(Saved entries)

※

lemma sum_enat_le_if_superlevel_card_le:
  fixes f g :: "'a \<Rightarrow> enat"
  assumes "finite U" "finite V"
    and card_le: "\<And>e. card {v\<in>V. enat e \<le> g v} \<le> card {u\<in>U. enat e \<le> f u}"
  shows "sum g V \<le> sum f U"
proof (cases "\<exists>u\<in>U. f u = \<infinity>")
  case True
  then show ?thesis using sum_enat_eq_infinity_iff[OF assms(1), of f] by simp
next
  case False
  define f' where "f' u = the_enat (f u)" for u
  define g' where "g' v = the_enat (g v)" for v
  define M where "M = sum f' U"
  have f: "f u = enat (f' u)" "f' u \<le> M" if "u \<in> U" for u
    using False that assms(1) by (auto simp: f'_def M_def intro: member_le_sum)
  then have "{u\<in>U. enat (Suc M) \<le> f u} = {}" by fastforce
  then have "card {v\<in>V. enat (Suc M) \<le> g v} = 0" using card_le[of "Suc M"] by (metis card.empty le_zero_eq)
  then have "g v < enat (Suc M)" if "v \<in> V" for v using that assms(2) by (auto simp: not_le)
  then have g: "g v = enat (g' v)" "g' v \<le> M" if "v \<in> V" for v
    using that by (cases "g v"; force simp: g'_def)+
  have "sum g' V = (\<Sum>e=1..M. card {v\<in>V. e \<le> g' v})"
    using g(2) by (intro sum_eq_sum_card_superlevel[OF assms(2)])
  also have "\<dots> \<le> (\<Sum>e=1..M. card {u\<in>U. e \<le> f' u})"
  proof (rule sum_mono)
    fix e
    have "{v\<in>V. e \<le> g' v} = {v\<in>V. enat e \<le> g v}" "{u\<in>U. e \<le> f' u} = {u\<in>U. enat e \<le> f u}"
      using f g by auto
    then show "card {v\<in>V. e \<le> g' v} \<le> card {u\<in>U. e \<le> f' u}" using card_le by simp
  qed
  also have "\<dots> = sum f' U" using f(2) by (intro sum_eq_sum_card_superlevel[OF assms(1), symmetric])
  finally have "enat (sum g' V) \<le> enat (sum f' U)" by simp
  moreover have "sum g V = enat (sum g' V)" "sum f U = enat (sum f' U)"
    using f g by (simp_all add: of_nat_eq_enat[symmetric] of_nat_sum)
  ultimately show ?thesis by simp
qed

lemma mod_power_eq_mono:
  fixes b x y :: int
  assumes "e' \<le> e" "x mod b ^ e = y mod b ^ e"
  shows "x mod b ^ e' = y mod b ^ e'"
  by (metis assms le_imp_power_dvd mod_mod_cancel)

lemma heavy_residue_class_refines:
  fixes b r :: int and X Y :: "int set"
  assumes "finite X" "finite Y"
    and "card {y\<in>Y. y mod b ^ e = r} < card {x\<in>X. x mod b ^ e = r}"
  shows "\<exists>x\<in>X. x mod b ^ e = r \<and>
    card {y\<in>Y. y mod b ^ Suc e = x mod b ^ Suc e} < card {y\<in>X. y mod b ^ Suc e = x mod b ^ Suc e}"
proof -
  let ?g = "\<lambda>z. z mod b ^ Suc e"
  obtain x where x: "x \<in> {x\<in>X. x mod b ^ e = r}" and
    less: "card {y\<in>{y\<in>Y. y mod b ^ e = r}. ?g y = ?g x} < card {y\<in>{y\<in>X. y mod b ^ e = r}. ?g y = ?g x}"
    using card_less_imp_fibre_card_less[where g = ?g, OF _ _ assms(3)] assms(1,2) by auto
  have "y mod b ^ e = r" if "?g y = ?g x" for y
    using mod_power_eq_mono[where e' = e and e = "Suc e", OF _ that] x by simp
  then have "{y\<in>{y\<in>Z. y mod b ^ e = r}. ?g y = ?g x} = {y\<in>Z. ?g y = ?g x}" for Z
    by blast
  then show ?thesis using x less by auto
qed

text \<open>Modulo \<open>b\<^sup>M\<close> the points of \<open>X \<union> Y\<close> lie in distinct classes, so the descent through
  heavy classes stops at level \<open>M\<close> in a point of \<open>X - Y\<close>.\<close>

lemma heavy_residue_class_descends:
  fixes b r :: int and X Y :: "int set"
  assumes "finite X" "finite Y"
    and sep: "\<And>u v. u \<in> X \<union> Y \<Longrightarrow> v \<in> X \<union> Y \<Longrightarrow> b ^ M dvd (u - v) \<Longrightarrow> u = v"
    and "card {y\<in>Y. y mod b ^ l = r} < card {x\<in>X. x mod b ^ l = r}"
  shows "\<exists>x\<in>X. x \<notin> Y \<and> x mod b ^ l = r \<and>
    (\<forall>e\<ge>l. card {y\<in>Y. y mod b ^ e = x mod b ^ e} < card {y\<in>X. y mod b ^ e = x mod b ^ e})"
  using assms(4)
proof (induction "M - l" arbitrary: l r)
  case 0
  then have "{x\<in>X. x mod b ^ l = r} \<noteq> {}" by (metis card.empty not_less0)
  then obtain x where x: "x \<in> X" "x mod b ^ l = r" by blast
  have singleton: "{y\<in>Z. y mod b ^ e = x mod b ^ e} = Z \<inter> {x}" if "Z \<subseteq> X \<union> Y" "l \<le> e" for Z e
  proof -
    have "y = x" if "y \<in> X \<union> Y" "y mod b ^ e = x mod b ^ e" for y
    proof -
      have "M \<le> e" using "0.hyps" \<open>l \<le> e\<close> by simp
      from mod_power_eq_mono[OF this that(2)] have "b ^ M dvd (y - x)" by (simp add: mod_eq_dvd_iff)
      then show "y = x" using sep that(1) x(1) by blast
    qed
    then show ?thesis using \<open>Z \<subseteq> X \<union> Y\<close> by blast
  qed
  have "card (Y \<inter> {x}) < card (X \<inter> {x})"
    using "0.prems" singleton[of Y l] singleton[of X l] x(2) by simp
  then have "x \<notin> Y" using x(1) by (cases "x \<in> Y") auto
  then show ?case using x singleton by auto
next
  case (Suc d)
  obtain x where x: "x \<in> X" "x mod b ^ l = r" and
    heavy: "card {y\<in>Y. y mod b ^ Suc l = x mod b ^ Suc l} < card {y\<in>X. y mod b ^ Suc l = x mod b ^ Suc l}"
    using heavy_residue_class_refines[OF assms(1,2) Suc.prems] by blast
  have "d = M - Suc l" using Suc.hyps(2) by simp
  from Suc.hyps(1)[OF this heavy] obtain y where y: "y \<in> X" "y \<notin> Y" "y mod b ^ Suc l = x mod b ^ Suc l"
    and heavy_above: "\<forall>e\<ge>Suc l.
      card {z\<in>Y. z mod b ^ e = y mod b ^ e} < card {z\<in>X. z mod b ^ e = y mod b ^ e}"
    by blast
  have "y mod b ^ l = r" using mod_power_eq_mono[OF _ y(3), of l] x(2) by simp
  moreover have "e = l \<or> Suc l \<le> e" if "l \<le> e" for e using that by linarith
  ultimately show ?case using y heavy_above Suc.prems by blast
qed

lemma ex_point_with_heavier_residue_classes:
  fixes b :: int and X Y :: "int set"
  assumes "b \<ge> 2" "finite X" "finite Y" "card Y < card X"
  shows "\<exists>y\<in>X. y \<notin> Y \<and> (\<forall>e. card {z\<in>Y. b ^ e dvd (y - z)} < card {x\<in>X. b ^ e dvd (y - x)})"
proof -
  obtain M where "\<And>u v. u \<in> X \<union> Y \<Longrightarrow> v \<in> X \<union> Y \<Longrightarrow> b ^ M dvd (u - v) \<Longrightarrow> u = v"
    using ex_power_separating[OF assms(1), of "X \<union> Y"] assms(2,3) by blast
  moreover have "card {y\<in>Y. y mod b ^ 0 = 0} < card {x\<in>X. x mod b ^ 0 = 0}" using assms(4) by simp
  ultimately obtain y where "y \<in> X" "y \<notin> Y"
    "\<forall>e. card {z\<in>Y. z mod b ^ e = y mod b ^ e} < card {z\<in>X. z mod b ^ e = y mod b ^ e}"
    using heavy_residue_class_descends[OF assms(2,3), where b = b and M = M and l = 0 and r = 0] by blast
  moreover have "{z\<in>Z. z mod b ^ e = y mod b ^ e} = {z\<in>Z. b ^ e dvd (y - z)}" for Z e
    by (simp add: mod_eq_dvd_iff dvd_diff_commute)
  ultimately show ?thesis by auto
qed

※

[TASK TO COMPLETE]: One inclusive range is required: first line of the data through the line containing "u = enat (f'". Set it down exactly and output nothing else.

[SOLUTION FOR THIS TASK]:
lemma sum_enat_le_if_superlevel_card_le:
  fixes f g :: "'a \<Rightarrow> enat"
  assumes "finite U" "finite V"
    and card_le: "\<And>e. card {v\<in>V. enat e \<le> g v} \<le> card {u\<in>U. enat e \<le> f u}"
  shows "sum g V \<le> sum f U"
proof (cases "\<exists>u\<in>U. f u = \<infinity>")
  case True
  then show ?thesis using sum_enat_eq_infinity_iff[OF assms(1), of f] by simp
next
  case False
  define f' where "f' u = the_enat (f u)" for u
  define g' where "g' v = the_enat (g v)" for v
  define M where "M = sum f' U"
  have f: "f u = enat (f' u)" "f' u \<le> M" if "u \<in> U" for u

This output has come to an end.